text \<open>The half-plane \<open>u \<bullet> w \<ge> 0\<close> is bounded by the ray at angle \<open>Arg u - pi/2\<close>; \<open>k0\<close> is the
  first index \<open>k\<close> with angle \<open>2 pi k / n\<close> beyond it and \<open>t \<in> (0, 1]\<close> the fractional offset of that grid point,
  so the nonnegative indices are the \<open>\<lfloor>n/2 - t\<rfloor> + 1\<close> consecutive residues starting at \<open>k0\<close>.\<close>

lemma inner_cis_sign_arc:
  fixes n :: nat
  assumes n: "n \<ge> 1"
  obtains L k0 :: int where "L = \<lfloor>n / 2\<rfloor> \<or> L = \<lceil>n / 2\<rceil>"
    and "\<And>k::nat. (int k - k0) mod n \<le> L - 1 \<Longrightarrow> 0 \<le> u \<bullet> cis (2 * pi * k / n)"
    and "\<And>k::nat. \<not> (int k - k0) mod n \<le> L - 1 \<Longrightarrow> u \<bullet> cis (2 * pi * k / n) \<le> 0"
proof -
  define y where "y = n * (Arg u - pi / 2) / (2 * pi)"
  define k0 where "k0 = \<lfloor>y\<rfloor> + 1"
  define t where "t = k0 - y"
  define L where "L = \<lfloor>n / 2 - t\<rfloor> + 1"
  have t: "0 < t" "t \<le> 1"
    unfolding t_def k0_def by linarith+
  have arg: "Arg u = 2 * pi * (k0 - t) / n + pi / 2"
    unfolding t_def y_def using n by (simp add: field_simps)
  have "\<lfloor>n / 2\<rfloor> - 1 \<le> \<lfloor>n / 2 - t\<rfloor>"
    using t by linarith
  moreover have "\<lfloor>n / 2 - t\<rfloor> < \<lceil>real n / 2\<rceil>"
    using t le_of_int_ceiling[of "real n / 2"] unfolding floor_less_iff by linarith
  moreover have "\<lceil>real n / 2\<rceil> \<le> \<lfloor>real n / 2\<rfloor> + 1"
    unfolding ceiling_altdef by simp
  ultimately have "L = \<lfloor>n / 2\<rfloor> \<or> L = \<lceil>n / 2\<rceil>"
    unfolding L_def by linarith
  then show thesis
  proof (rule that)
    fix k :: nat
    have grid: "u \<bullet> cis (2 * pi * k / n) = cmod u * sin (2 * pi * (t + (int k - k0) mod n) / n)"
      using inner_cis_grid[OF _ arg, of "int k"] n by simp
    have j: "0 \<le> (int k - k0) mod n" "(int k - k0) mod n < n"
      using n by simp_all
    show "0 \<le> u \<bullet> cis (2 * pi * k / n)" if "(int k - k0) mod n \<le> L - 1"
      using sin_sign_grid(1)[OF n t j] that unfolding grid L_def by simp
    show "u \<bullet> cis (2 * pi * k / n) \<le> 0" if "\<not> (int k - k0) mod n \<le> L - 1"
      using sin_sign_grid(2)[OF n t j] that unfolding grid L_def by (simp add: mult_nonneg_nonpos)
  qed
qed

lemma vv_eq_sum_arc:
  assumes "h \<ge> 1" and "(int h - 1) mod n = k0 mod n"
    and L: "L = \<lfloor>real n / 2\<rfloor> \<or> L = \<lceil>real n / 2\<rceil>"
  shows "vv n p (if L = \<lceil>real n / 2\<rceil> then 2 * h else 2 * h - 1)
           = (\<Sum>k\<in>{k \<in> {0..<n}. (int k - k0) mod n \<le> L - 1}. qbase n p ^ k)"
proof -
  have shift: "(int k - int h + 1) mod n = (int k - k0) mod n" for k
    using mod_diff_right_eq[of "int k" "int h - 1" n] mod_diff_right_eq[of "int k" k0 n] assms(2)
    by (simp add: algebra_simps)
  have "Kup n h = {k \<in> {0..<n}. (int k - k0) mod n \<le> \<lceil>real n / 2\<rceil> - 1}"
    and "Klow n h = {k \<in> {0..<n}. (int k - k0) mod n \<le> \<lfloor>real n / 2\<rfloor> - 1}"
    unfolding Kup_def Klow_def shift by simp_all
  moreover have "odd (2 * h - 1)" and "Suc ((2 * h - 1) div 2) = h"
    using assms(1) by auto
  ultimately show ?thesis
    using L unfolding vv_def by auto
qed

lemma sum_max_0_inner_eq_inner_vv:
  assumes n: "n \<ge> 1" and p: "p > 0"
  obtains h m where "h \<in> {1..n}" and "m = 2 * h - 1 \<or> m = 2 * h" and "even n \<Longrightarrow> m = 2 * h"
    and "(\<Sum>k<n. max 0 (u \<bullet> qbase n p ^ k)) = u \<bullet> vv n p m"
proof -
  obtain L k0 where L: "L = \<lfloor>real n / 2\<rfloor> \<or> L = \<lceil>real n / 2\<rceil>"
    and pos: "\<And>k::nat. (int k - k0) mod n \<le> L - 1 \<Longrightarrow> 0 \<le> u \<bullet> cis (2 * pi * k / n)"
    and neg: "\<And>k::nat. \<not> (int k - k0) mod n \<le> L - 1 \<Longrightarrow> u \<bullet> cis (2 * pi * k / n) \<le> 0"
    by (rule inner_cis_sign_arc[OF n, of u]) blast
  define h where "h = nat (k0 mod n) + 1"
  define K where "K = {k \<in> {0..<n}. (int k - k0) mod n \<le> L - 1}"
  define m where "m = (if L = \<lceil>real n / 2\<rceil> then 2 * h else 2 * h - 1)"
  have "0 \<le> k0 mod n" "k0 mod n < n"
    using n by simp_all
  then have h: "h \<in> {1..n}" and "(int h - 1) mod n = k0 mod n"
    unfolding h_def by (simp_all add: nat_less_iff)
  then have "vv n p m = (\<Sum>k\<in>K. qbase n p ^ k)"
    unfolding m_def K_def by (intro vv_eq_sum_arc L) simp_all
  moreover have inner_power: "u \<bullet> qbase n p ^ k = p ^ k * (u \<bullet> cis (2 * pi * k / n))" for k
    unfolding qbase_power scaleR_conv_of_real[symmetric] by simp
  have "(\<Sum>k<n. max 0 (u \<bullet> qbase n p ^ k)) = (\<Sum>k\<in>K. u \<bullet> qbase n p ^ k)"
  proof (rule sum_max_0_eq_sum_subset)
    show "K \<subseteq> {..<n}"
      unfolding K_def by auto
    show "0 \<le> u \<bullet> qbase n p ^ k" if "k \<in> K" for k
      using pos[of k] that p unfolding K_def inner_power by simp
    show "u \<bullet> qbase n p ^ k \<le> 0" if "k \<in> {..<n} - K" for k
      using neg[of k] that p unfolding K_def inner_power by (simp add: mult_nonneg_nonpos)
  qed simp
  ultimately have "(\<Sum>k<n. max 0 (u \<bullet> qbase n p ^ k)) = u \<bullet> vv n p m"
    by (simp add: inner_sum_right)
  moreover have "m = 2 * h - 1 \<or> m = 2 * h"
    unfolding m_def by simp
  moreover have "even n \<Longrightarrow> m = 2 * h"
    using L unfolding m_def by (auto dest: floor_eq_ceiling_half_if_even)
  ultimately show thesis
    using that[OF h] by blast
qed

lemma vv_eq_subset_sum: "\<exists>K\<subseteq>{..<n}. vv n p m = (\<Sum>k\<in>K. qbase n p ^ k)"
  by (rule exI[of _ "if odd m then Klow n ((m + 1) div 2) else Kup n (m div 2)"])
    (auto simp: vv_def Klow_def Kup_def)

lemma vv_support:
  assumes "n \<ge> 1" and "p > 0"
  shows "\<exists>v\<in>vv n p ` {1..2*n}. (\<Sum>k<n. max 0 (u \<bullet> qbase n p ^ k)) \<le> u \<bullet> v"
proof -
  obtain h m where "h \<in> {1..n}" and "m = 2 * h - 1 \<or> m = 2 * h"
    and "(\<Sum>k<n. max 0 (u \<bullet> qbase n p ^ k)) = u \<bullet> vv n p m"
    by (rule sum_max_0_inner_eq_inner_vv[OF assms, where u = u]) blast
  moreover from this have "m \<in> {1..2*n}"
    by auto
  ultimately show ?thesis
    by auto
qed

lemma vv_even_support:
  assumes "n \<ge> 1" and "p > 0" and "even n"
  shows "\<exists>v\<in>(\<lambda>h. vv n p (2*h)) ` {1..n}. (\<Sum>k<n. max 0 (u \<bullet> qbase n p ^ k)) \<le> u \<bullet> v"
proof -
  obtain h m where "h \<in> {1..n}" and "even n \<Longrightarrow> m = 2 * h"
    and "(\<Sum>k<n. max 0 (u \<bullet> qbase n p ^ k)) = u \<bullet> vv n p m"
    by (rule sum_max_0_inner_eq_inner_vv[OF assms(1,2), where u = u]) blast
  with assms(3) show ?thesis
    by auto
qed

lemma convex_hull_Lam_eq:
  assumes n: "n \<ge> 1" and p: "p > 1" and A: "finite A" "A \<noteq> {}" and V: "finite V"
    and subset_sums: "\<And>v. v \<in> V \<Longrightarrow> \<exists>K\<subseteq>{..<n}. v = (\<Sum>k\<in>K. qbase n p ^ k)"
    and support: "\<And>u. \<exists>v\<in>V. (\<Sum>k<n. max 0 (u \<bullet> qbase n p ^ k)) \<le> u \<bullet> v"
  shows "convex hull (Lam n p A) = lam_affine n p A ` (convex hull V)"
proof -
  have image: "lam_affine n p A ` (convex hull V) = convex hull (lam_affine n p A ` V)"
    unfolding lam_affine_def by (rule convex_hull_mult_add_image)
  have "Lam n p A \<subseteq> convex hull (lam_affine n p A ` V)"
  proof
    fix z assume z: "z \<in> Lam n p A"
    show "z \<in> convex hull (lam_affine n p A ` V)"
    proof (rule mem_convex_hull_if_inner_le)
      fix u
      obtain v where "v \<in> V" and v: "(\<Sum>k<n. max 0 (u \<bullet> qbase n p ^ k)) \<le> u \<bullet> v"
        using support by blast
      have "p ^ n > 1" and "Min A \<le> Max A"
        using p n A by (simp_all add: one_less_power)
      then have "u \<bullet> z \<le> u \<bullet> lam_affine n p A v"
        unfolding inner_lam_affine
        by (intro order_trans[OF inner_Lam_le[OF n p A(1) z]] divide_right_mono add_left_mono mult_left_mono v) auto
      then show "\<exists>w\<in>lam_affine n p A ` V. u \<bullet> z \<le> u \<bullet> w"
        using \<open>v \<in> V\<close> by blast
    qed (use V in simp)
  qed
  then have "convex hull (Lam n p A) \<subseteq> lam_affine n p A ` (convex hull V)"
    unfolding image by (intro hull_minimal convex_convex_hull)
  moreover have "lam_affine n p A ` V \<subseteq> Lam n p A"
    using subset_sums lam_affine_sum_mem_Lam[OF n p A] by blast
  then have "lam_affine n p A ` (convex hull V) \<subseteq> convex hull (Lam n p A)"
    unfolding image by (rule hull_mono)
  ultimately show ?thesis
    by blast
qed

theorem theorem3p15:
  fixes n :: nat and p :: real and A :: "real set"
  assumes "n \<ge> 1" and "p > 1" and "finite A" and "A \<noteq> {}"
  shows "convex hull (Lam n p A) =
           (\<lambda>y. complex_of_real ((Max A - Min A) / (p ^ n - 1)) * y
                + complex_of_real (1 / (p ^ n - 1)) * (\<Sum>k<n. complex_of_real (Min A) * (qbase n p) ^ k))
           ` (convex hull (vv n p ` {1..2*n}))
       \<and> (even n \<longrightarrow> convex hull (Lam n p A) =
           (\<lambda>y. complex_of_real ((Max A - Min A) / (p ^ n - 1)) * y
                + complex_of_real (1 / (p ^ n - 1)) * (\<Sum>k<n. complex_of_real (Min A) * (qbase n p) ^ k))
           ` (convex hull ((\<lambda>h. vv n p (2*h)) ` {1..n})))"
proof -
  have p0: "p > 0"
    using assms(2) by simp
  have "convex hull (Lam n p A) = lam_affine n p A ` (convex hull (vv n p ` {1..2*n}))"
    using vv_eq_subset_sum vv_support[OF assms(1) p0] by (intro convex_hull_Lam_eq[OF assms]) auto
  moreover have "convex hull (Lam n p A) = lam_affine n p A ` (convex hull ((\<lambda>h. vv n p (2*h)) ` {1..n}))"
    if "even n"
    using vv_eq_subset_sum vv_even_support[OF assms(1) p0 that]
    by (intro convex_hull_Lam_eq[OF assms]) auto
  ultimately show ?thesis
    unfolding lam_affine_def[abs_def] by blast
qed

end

Goal of the exercise: Repeat the material above exactly, beginning with its first line and ending with the line that holds "n) = cmod u", and leave out everything else.

Task output:
text \<open>The half-plane \<open>u \<bullet> w \<ge> 0\<close> is bounded by the ray at angle \<open>Arg u - pi/2\<close>; \<open>k0\<close> is the
  first index \<open>k\<close> with angle \<open>2 pi k / n\<close> beyond it and \<open>t \<in> (0, 1]\<close> the fractional offset of that grid point,
  so the nonnegative indices are the \<open>\<lfloor>n/2 - t\<rfloor> + 1\<close> consecutive residues starting at \<open>k0\<close>.\<close>

lemma inner_cis_sign_arc:
  fixes n :: nat
  assumes n: "n \<ge> 1"
  obtains L k0 :: int where "L = \<lfloor>n / 2\<rfloor> \<or> L = \<lceil>n / 2\<rceil>"
    and "\<And>k::nat. (int k - k0) mod n \<le> L - 1 \<Longrightarrow> 0 \<le> u \<bullet> cis (2 * pi * k / n)"
    and "\<And>k::nat. \<not> (int k - k0) mod n \<le> L - 1 \<Longrightarrow> u \<bullet> cis (2 * pi * k / n) \<le> 0"
proof -
  define y where "y = n * (Arg u - pi / 2) / (2 * pi)"
  define k0 where "k0 = \<lfloor>y\<rfloor> + 1"
  define t where "t = k0 - y"
  define L where "L = \<lfloor>n / 2 - t\<rfloor> + 1"
  have t: "0 < t" "t \<le> 1"
    unfolding t_def k0_def by linarith+
  have arg: "Arg u = 2 * pi * (k0 - t) / n + pi / 2"
    unfolding t_def y_def using n by (simp add: field_simps)
  have "\<lfloor>n / 2\<rfloor> - 1 \<le> \<lfloor>n / 2 - t\<rfloor>"
    using t by linarith
  moreover have "\<lfloor>n / 2 - t\<rfloor> < \<lceil>real n / 2\<rceil>"
    using t le_of_int_ceiling[of "real n / 2"] unfolding floor_less_iff by linarith
  moreover have "\<lceil>real n / 2\<rceil> \<le> \<lfloor>real n / 2\<rfloor> + 1"
    unfolding ceiling_altdef by simp
  ultimately have "L = \<lfloor>n / 2\<rfloor> \<or> L = \<lceil>n / 2\<rceil>"
    unfolding L_def by linarith
  then show thesis
  proof (rule that)
    fix k :: nat
    have grid: "u \<bullet> cis (2 * pi * k / n) = cmod u * sin (2 * pi * (t + (int k - k0) mod n) / n)"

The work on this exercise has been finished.